- Folha de S. Paulo
Tolhido pelo que resta de razão no país, presidente se revigora no caos que cria
Jair Bolsonaro lembra um daqueles monstros ou vilões de filmes juvenis de ação, que se fortalecem quanto mais tiros levam, que se revigoram no caos e na destruição e assim se reerguem das ruínas. Parece a mão do morto-vivo que rebrota da terra na madrugada do cemitério nevoento.
Seus adversários e inimigos têm ficado pelo caminho: os panelaços, os manifestos dos letrados, a “frente ampla”, as torcidas de futebol nas ruas, os pedintes de impeachment, os cientistas, os ambientalistas, Luiz Mandeta, Sergio Moro, os indignados com o morticínio.
Quem impõe limites a Bolsonaro e impede seus atos maiores de desgoverno acaba por ajudá-lo. Em meados de junho, no pico da sua impopularidade e da onda de comícios golpistas, prenderam o gerente da boca de rachadinha da família, Fabrício Queiroz. Acabou por ser uma vitória acidental.
O caladão que lhe foi em parte imposto pelo que resta de República, os dinheiros dos auxílios emergenciais e a reabertura avacalhada da economia recuperaram Bolsonaro. Além da complacência de Justiça e polícia, apareceram mais boas notícias.
O emprego formal está no nível mais baixo desde que se tem registro, desde 2013, mas voltou a subir em julho. A massa (soma) de salários também. Quanto mais aumentar, menos notável e dramático será o fim do auxílio emergencial, lá pelo fim do ano. Nesta segunda-feira, todos os shoppings do país estarão reabertos.
A semana que passou começara com o que parecia uma derrota no Senado. Mas a Câmara ratificou a decisão do presidente de vetar qualquer reajuste de servidores até o final de 2021. Deu-lhe 316 votos, quase o bastante para aprovar um remendo da Constituição. Ou seja, “o sistema” quer governar para Bolsonaro, tocar esse programa reformista do establishment. O presidente atrapalha, mas se beneficia.

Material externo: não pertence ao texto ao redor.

(* For $n\ge1$, let $\bm v$ and $\bm v^{(n)}$ be Markov chains of length variables with initial distributions $\pi$ and $\pi^{(n)}$ and transition kernels $\bm\psi=(\psi_j)_{j\ge1}$ and $\bm\psi^{(n)}=(\psi^{(n)}_j)_{j\ge1}$, respectively. Let $\bm w,\bm w^{(n)}$ be the corresponding Markov stick-breaking weights sequences, and let $\bm P,\bm P^{(n)}$ be proper Markov stick-breaking processes on $\mathbb X$ with parameters $(\pi,\bm\psi,P_0)$ and $(\pi^{(n)},\bm\psi^{(n)},P_0^{(n)})$. Suppose that, as $n\to\infty$: $\pi^{(n)}\to\pi$ weakly; $P_0^{(n)}\to P_0$ weakly; and for each $j\ge1$ and each sequence $u_n\to u$ in $[0,1]$, $\psi^{(n)}_j(u_n,\cdot)\to\psi_j(u,\cdot)$ weakly. Then $\bm v^{(n)}\to\bm v$ in distribution, $\bm w^{(n)}\to\bm w$ in distribution (in $[0,1]^\infty$ with the product topology), and $\bm P^{(n)}\to\bm P$ weakly in distribution.
   Context: Let $\mathbb X$ be a complete separable metric space with Borel $\sigma$-field. Length variables $\bm v=(v_j)_{j\ge1}$ are $[0,1]$-valued random variables defining stick-breaking weights $w_1=v_1$, $w_j=v_j\prod_{i<j}(1-v_i)$. If $\bm v$ is a Markov chain with initial distribution $\pi$ and transition kernels $\psi_j(v,B)=\mathbb P[v_{j+1}\in B\mid v_j=v]$, $\bm w$ is the Markov stick-breaking weights sequence with parameters $(\pi,\bm\psi)$; given a diffuse probability measure $P_0$ on $\mathbb X$ and $(\theta_j)$ iid from $P_0$ independent of $\bm w$, $\bm P=\sum_j w_j\delta_{\theta_j}+(1-\sum_jw_j)P_0$ is the Markov stick-breaking process with parameters $(\pi,\bm\psi,P_0)$; it is proper if $\sum_j w_j=1$ a.s. Random probability measures $\bm P^{(n)}$ converge weakly in distribution to $\bm P$ if $\int f\,d\bm P^{(n)}\to\int f\,d\bm P$ in distribution for every bounded continuous $f:\mathbb X\to\mathbb R$. *)

theory Defs
  imports "HOL-Probability.Probability"
begin

definition weak_conv_seq :: "(nat \<Rightarrow> 'b::topological_space measure) \<Rightarrow> 'b measure \<Rightarrow> bool" where
  "weak_conv_seq \<mu>s \<mu> \<longleftrightarrow>
     (\<forall>f :: 'b \<Rightarrow> real. continuous_on UNIV f \<and> bounded (range f) \<longrightarrow>
        (\<lambda>n. \<integral>x. f x \<partial>\<mu>s n) \<longlonglongrightarrow> (\<integral>x. f x \<partial>\<mu>))"

text \<open>Coordinates are 0-based: coordinate i is the paper's v_(i+1); the transition from
  coordinate i to coordinate i+1 uses the paper's kernel psi_(i+1), i.e. psi (Suc i).\<close>
fun mc_cyl :: "(nat \<Rightarrow> real \<Rightarrow> real measure) \<Rightarrow> (nat \<Rightarrow> real set) \<Rightarrow> nat \<Rightarrow> nat \<Rightarrow> real \<Rightarrow> ennreal" where
  "mc_cyl \<psi> B i 0 u = indicator (B i) u"
| "mc_cyl \<psi> B i (Suc m) u = indicator (B i) u * (\<integral>\<^sup>+ y. mc_cyl \<psi> B (Suc i) m y \<partial>(\<psi> (Suc i) u))"

definition markov_chain_law :: "real measure \<Rightarrow> (nat \<Rightarrow> real \<Rightarrow> real measure) \<Rightarrow> (nat \<Rightarrow> real) measure \<Rightarrow> bool" where
  "markov_chain_law \<pi> \<psi> \<mu> \<longleftrightarrow>
     prob_space \<mu> \<and> sets \<mu> = sets (PiM UNIV (\<lambda>_::nat. borel :: real measure)) \<and>
     (\<forall>k B. (\<forall>i. B i \<in> sets borel) \<longrightarrow>
        emeasure \<mu> {x \<in> space \<mu>. \<forall>i\<le>k. x i \<in> B i} = (\<integral>\<^sup>+ u. mc_cyl \<psi> B 0 k u \<partial>\<pi>))"

definition length_params :: "real measure \<Rightarrow> (nat \<Rightarrow> real \<Rightarrow> real measure) \<Rightarrow> bool" where
  "length_params \<pi> \<psi> \<longleftrightarrow>
     prob_space \<pi> \<and> sets \<pi> = sets borel \<and> emeasure \<pi> {0..1} = 1 \<and>
     (\<forall>j\<ge>1. \<psi> j \<in> restrict_space borel {0..1} \<rightarrow>\<^sub>M prob_algebra borel \<and>
        (\<forall>u\<in>{0..1}. emeasure (\<psi> j u) {0..1} = 1))"

definition sb_weights :: "(nat \<Rightarrow> real) \<Rightarrow> nat \<Rightarrow> real" where
  "sb_weights v j = v j * (\<Prod>i<j. 1 - v i)"

definition sb_measure :: "(nat \<Rightarrow> real) \<Rightarrow> (nat \<Rightarrow> 'a::topological_space) \<Rightarrow> 'a measure \<Rightarrow> 'a measure" where
  "sb_measure w \<theta> P0 = measure_of UNIV (sets borel)
     (\<lambda>A. (\<Sum>j. ennreal (w j) * indicator A (\<theta> j)) + ennreal (1 - (\<Sum>j. w j)) * emeasure P0 A)"

definition diffuse_prob :: "'a::topological_space measure \<Rightarrow> bool" where
  "diffuse_prob P \<longleftrightarrow> prob_space P \<and> sets P = sets borel \<and> (\<forall>x. emeasure P {x} = 0)"

text \<open>The joint law of (V, Theta) is the product of the Markov chain law of V and the
  iid P0 law of Theta (so Theta is iid P0 and independent of V).\<close>
definition proper_msbp ::
  "'w measure \<Rightarrow> ('w \<Rightarrow> nat \<Rightarrow> real) \<Rightarrow> ('w \<Rightarrow> nat \<Rightarrow> 'a::topological_space) \<Rightarrow>
   real measure \<Rightarrow> (nat \<Rightarrow> real \<Rightarrow> real measure) \<Rightarrow> 'a measure \<Rightarrow> bool" where
  "proper_msbp M V \<Theta> \<pi> \<psi> P0 \<longleftrightarrow>
     prob_space M \<and> length_params \<pi> \<psi> \<and> diffuse_prob P0 \<and>
     (\<forall>\<omega>\<in>space M. \<forall>j. V \<omega> j \<in> {0..1}) \<and>
     markov_chain_law \<pi> \<psi> (distr M (PiM UNIV (\<lambda>_. borel)) V) \<and>
     (\<lambda>\<omega>. (V \<omega>, \<Theta> \<omega>)) \<in> M \<rightarrow>\<^sub>M (PiM UNIV (\<lambda>_. borel) \<Otimes>\<^sub>M PiM UNIV (\<lambda>_. borel)) \<and>
     distr M (PiM UNIV (\<lambda>_. borel) \<Otimes>\<^sub>M PiM UNIV (\<lambda>_. borel)) (\<lambda>\<omega>. (V \<omega>, \<Theta> \<omega>))
       = distr M (PiM UNIV (\<lambda>_. borel)) V \<Otimes>\<^sub>M PiM UNIV (\<lambda>_. P0) \<and>
     (AE \<omega> in M. sb_weights (V \<omega>) sums 1)"

end

(* The law of the first k + 1 length variables is the initial distribution followed by k
   kernel steps. By induction over the steps, weak convergence of the kernels along converging
   arguments turns into continuous convergence of the integrated test functions, and so the
   finite-dimensional laws converge. All laws live on the compact cube [0,1]^N, on which every
   continuous function is a uniform limit of functions of finitely many coordinates; hence the
   length variables converge in distribution, and so do the weights, a continuous function of them.

   For the random integral of a bounded continuous f we compare characteristic functions. Given
   the length variables, the first N atoms contribute the product of the characteristic functions
   of f under P0 at t w_j, while the remaining mass changes the characteristic function by at most
   |t| sup|f| prod_(i<N) (1 - v_i). The expectation of this remainder is a bounded continuous
   functional of the length variables and tends to 0 as N grows, so it is small for large N
   uniformly in n, and Levy's continuity theorem concludes. *)

theory Submission
  imports Defs
begin

section \<open>Continuous convergence\<close>

definition converges_continuously_on ::
    "'b::metric_space set \<Rightarrow> (nat \<Rightarrow> 'b \<Rightarrow> 'c::real_normed_vector) \<Rightarrow> ('b \<Rightarrow> 'c) \<Rightarrow> bool" where
  "converges_continuously_on K h h0 \<longleftrightarrow>
     (\<forall>xs x. (\<forall>n. xs n \<in> K) \<longrightarrow> x \<in> K \<longrightarrow> xs \<longlonglongrightarrow> x \<longrightarrow> (\<lambda>n. h n (xs n)) \<longlonglongrightarrow> h0 x)"

lemma converges_continuously_onI:
  "(\<And>xs x. (\<And>n. xs n \<in> K) \<Longrightarrow> x \<in> K \<Longrightarrow> xs \<longlonglongrightarrow> x \<Longrightarrow> (\<lambda>n. h n (xs n)) \<longlonglongrightarrow> h0 x) \<Longrightarrow>
    converges_continuously_on K h h0"
  unfolding converges_continuously_on_def by blast

lemma converges_continuously_onD:
  "converges_continuously_on K h h0 \<Longrightarrow> (\<And>n. xs n \<in> K) \<Longrightarrow> x \<in> K \<Longrightarrow> xs \<longlonglongrightarrow> x \<Longrightarrow>
    (\<lambda>n. h n (xs n)) \<longlonglongrightarrow> h0 x"
  unfolding converges_continuously_on_def by blast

O governo era contra auxílios emergenciais em geral (dizia que a economia decolaria contra o vento contrário cheio de vírus do mundo). Bolsonaro queria liberar reajustes para certos servidores, em particular policiais. Jamais defendeu ou entendeu controle de gastos; na miúda, tenta burlá-lo.
O país se acostumou aos mil mortos por dia. Até pela natureza bárbara das epidemias duradouras, o número de doentes e mortes deve diminuir a partir de setembro. A doença comprida terá prejudicado a retomada mais precoce da economia, mas isso é uma abstração para o povo na rua. Daqui em diante, a carnificina será cada vez menos notada, embora atroz. O Brasil voltará a sua rotina de violência aberrante, com uma causa mortis a mais, apenas. A indiferença ao morticínio é uma vitória da mentalidade bolsonariana.
O juro baixo do mundo rico nos ajuda. Na média, o comércio volta ao azul, apesar da destruição imensa em vários setores. O real desvalorizado faz o progresso de regiões exportadoras. Até o gasto menor em viagens internacionais ajuda a movimentar partes da economia.
Sim, estamos na pior recessão da história, a convalescença terá sequelas e ninguém sabe dizer como reagirá a economia a um ajuste fiscal abrupto em 2021. Mas centenas de bilhões de reais e auxílios, cortesia de sociedade, atenuaram e atenuarão dores e horrores. Ponto, porém, para Bolsonaro.
O presidente já foi descrito como um parasita político pelo filósofo Marcos Nobre, nas páginas desta Folha. Quer destruir o “sistema”, a “velha política” e a “esquerda”, todos que discordam dele, a quem atribui as desgraças do país. Mas se vale do “sistema” que resiste e funciona, apesar do seu desgoverno.